CodePudding user response:
based on your first method, try this function after getting row_df :
library(dplyr)
parse_pdfs_lines_ById<- function(raw_df){
# ----delete rownames : the first character and space
raw_df=raw_df%>%
mutate(rawline=sub('.', '', rawline))%>%
# ----remove the first space to keep Id as a first word
mutate(rawline=gsub('^ ', '', rawline))
# ------ now ignore the raw of colnames
raw_df=data.frame(rawline=raw_df[-1,])
# ---------assign the correct id to correct line
# id=""
# initialize index of line
i=1
while (i<nrow(raw_df))
{
if(grepl("^[0-9]",raw_df$rawline[i]))
{
# get the id , first word of line ./!\ not the first character! e.g : id == 22 )
id=stringr::word(raw_df$rawline[i],1)
}else{
raw_df$rawline[i]=paste0(id,raw_df$rawline[i])
}
i=i 1
}
# > raw_df
# rawline
# 1 Kiran Bengaluru, 99999 99999
# 1 Mysore Road
# 1 6th Lane
# 2 John Mandya 77777 77777
# 2 Taluka Junction
# 3 Ravi Mysore 88888 88888
# ------build the dataframe
col_df= list("Id","Name", "Address", "Mobile")
raw_df2 =setNames(data.frame(matrix(ncol = 4, nrow = 0),stringsAsFactors = F),col_df)
for (j in 1:nrow(raw_df))
{
# split the line of dataframe by double space or more
line= unlist(strsplit(raw_df$rawline[j]," "))
df_line= data.frame(t(line),stringsAsFactors = F)
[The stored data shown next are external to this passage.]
lemma TA_with_quota:
  fixes S :: "real list"
  assumes sorted: "sorted_upto k (pad0 q)" and total: "(\<Sum>r\<in>{1..k}. q r) > 0"
  defines "x \<equiv> TA k q S"
  shows "1 \<le> x \<and> x \<le> k \<and> TA_test k (pad0 q) S x \<and> pad0 q (x - 1) < pad0 q x"
proof -
  have "\<exists>r\<in>{1..k}. q r > 0"
  proof (rule ccontr)
    assume "\<not> (\<exists>r\<in>{1..k}. q r > 0)"
    then have "(\<Sum>r\<in>{1..k}. q r) = 0" by simp
    then show False using total by simp
  qed
  then obtain r where "r \<in> {1..k}" "q r > 0" by blast
  then have "x \<noteq> 0" using TA_nonzero[of r k q S] unfolding x_def by auto
  then have x: "1 \<le> x" "x \<le> k" "TA_test k (pad0 q) S x"
    using TA_nonzero_passes unfolding x_def by blast+
  have "pad0 q (x - 1) \<le> pad0 q x" using sorted_upto_mono[OF sorted] x by simp
  moreover have "pad0 q x \<noteq> pad0 q (x - 1)" using x(3) unfolding TA_test_def by simp
  ultimately show ?thesis using x by simp
qed

text \<open>Levels of equal quota are skipped
  without changing Z_L or Z_H; at gamma = h a level of equal quota would contradict
  TA_count_le.\<close>
lemma climb_to_passing:
  assumes "1 \<le> g" "g \<le> h" "h \<le> k" "mm 0 = 0" "mm (g - 1) > 0"
    and "TA_Z_L mm g h \<le> TA_count S (TA_Z_L mm g h + TA_Z_H mm g h)"
  shows "\<exists>g'\<in>{g..h}. TA_test k mm S g'"
  using assms
proof (induction "h - g" arbitrary: g)
  case 0
  then have gh: "g = h" by simp
  show ?case
  proof (cases "mm g = mm (g - 1)")
    case False
    then show ?thesis using 0 gh unfolding TA_test_def
      by (intro bexI[of _ g]) (auto intro!: bexI[of _ h])
  next
    case True
    have "2 \<le> g" using 0 by (cases "g = 1") auto
    then have level: "mm (g - 1) \<le> TA_Z_L mm g g" unfolding TA_Z_L_def
      using member_le_sum[of "g - 1" "{1..<g}" "\<lambda>i. min (mm i) (mm (g - 1))"] by simp
    have "TA_Z_H mm g g = 0" unfolding TA_Z_H_def using True by simp
    then have "TA_Z_L mm g g \<le> TA_count S (TA_Z_L mm g g)" using 0 gh by simp
    moreover have "TA_count S (TA_Z_L mm g g) \<le> TA_Z_L mm g g - 1"
      by (rule TA_count_le) (use level 0 in auto)
    ultimately show ?thesis using level 0 by auto
  qed
next
  case (Suc d)
  show ?case
  proof (cases "mm g = mm (g - 1)")
    case False
    then show ?thesis using Suc.prems unfolding TA_test_def
      by (intro bexI[of _ g]) (auto intro!: bexI[of _ h])
  next
    case True
    have "g < h" using Suc by simp
    have Z_L: "TA_Z_L mm (Suc g) h = TA_Z_L mm g h" unfolding TA_Z_L_def using True by simp
    have "TA_Z_H mm g h = (mm g - mm (g - 1)) + (\<Sum>i\<in>{Suc g..h}. mm i - mm (g - 1))"
      unfolding TA_Z_H_def using \<open>g < h\<close> by (simp add: sum.atLeast_Suc_atMost)
    then have Z_H: "TA_Z_H mm (Suc g) h = TA_Z_H mm g h" unfolding TA_Z_H_def using True by simp
    have "\<exists>g'\<in>{Suc g..h}. TA_test k mm S g'"
      by (rule Suc.hyps(1)) (use Suc.hyps(2) Suc.prems \<open>g < h\<close> True Z_L Z_H in auto)
    then show ?thesis by auto
  qed
qed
# if all 4 column exist , affect column names else these is just Id and Part2 of adress ==>column Adress2
names(df_line) = unlist(ifelse(length(line)==4,
list(col_df),
list(c("Id","Adress2")))
)
# rbind even the number of column is not the same
raw_df2=plyr::rbind.fill(raw_df2,df_line )
}
# ----- clean final dataframe
final_df = raw_df2%>%
# replace Na with emty value
mutate_all(~ifelse(is.na(.), "", .))%>%
group_by(Id)%>%
mutate(Address= paste(Address,Adress2,collapse = " "))%>% #put collapse ="\r\n" to display the exact format
# keep just the first line by Id
slice(1)%>%
# remove adress2 column
select(-Adress2)%>%
ungroup()
return(final_df)
}
apply function on your first example and the result is :
raw_df = data.frame(rawline=
c("1 Id Name Address Mobile",
"2 1 Kiran Bengaluru, 99999 99999",
"3 Mysore Road",
"4 6th Lane",
"5 2 John Mandya 77777 77777",
"6 Taluka Junction",
"7 3 Ravi Mysore 88888 88888")
)
final_df=parse_pdfs_lines_ById(raw_df)
final_df
# final_df
# A tibble: 3 x 4
# Id Name Address Mobile
# <chr> <chr> <chr> <chr>
# 1 Kiran "Bengaluru, Mysore Road 6th Lane" 99999 99999
# 2 John "Mandya Taluka Junction" 77777 77777
# 3 Ravi "Mysore " 88888 88888
hope this will help!, please let me know if something does not work or is not clear enough.(update response format).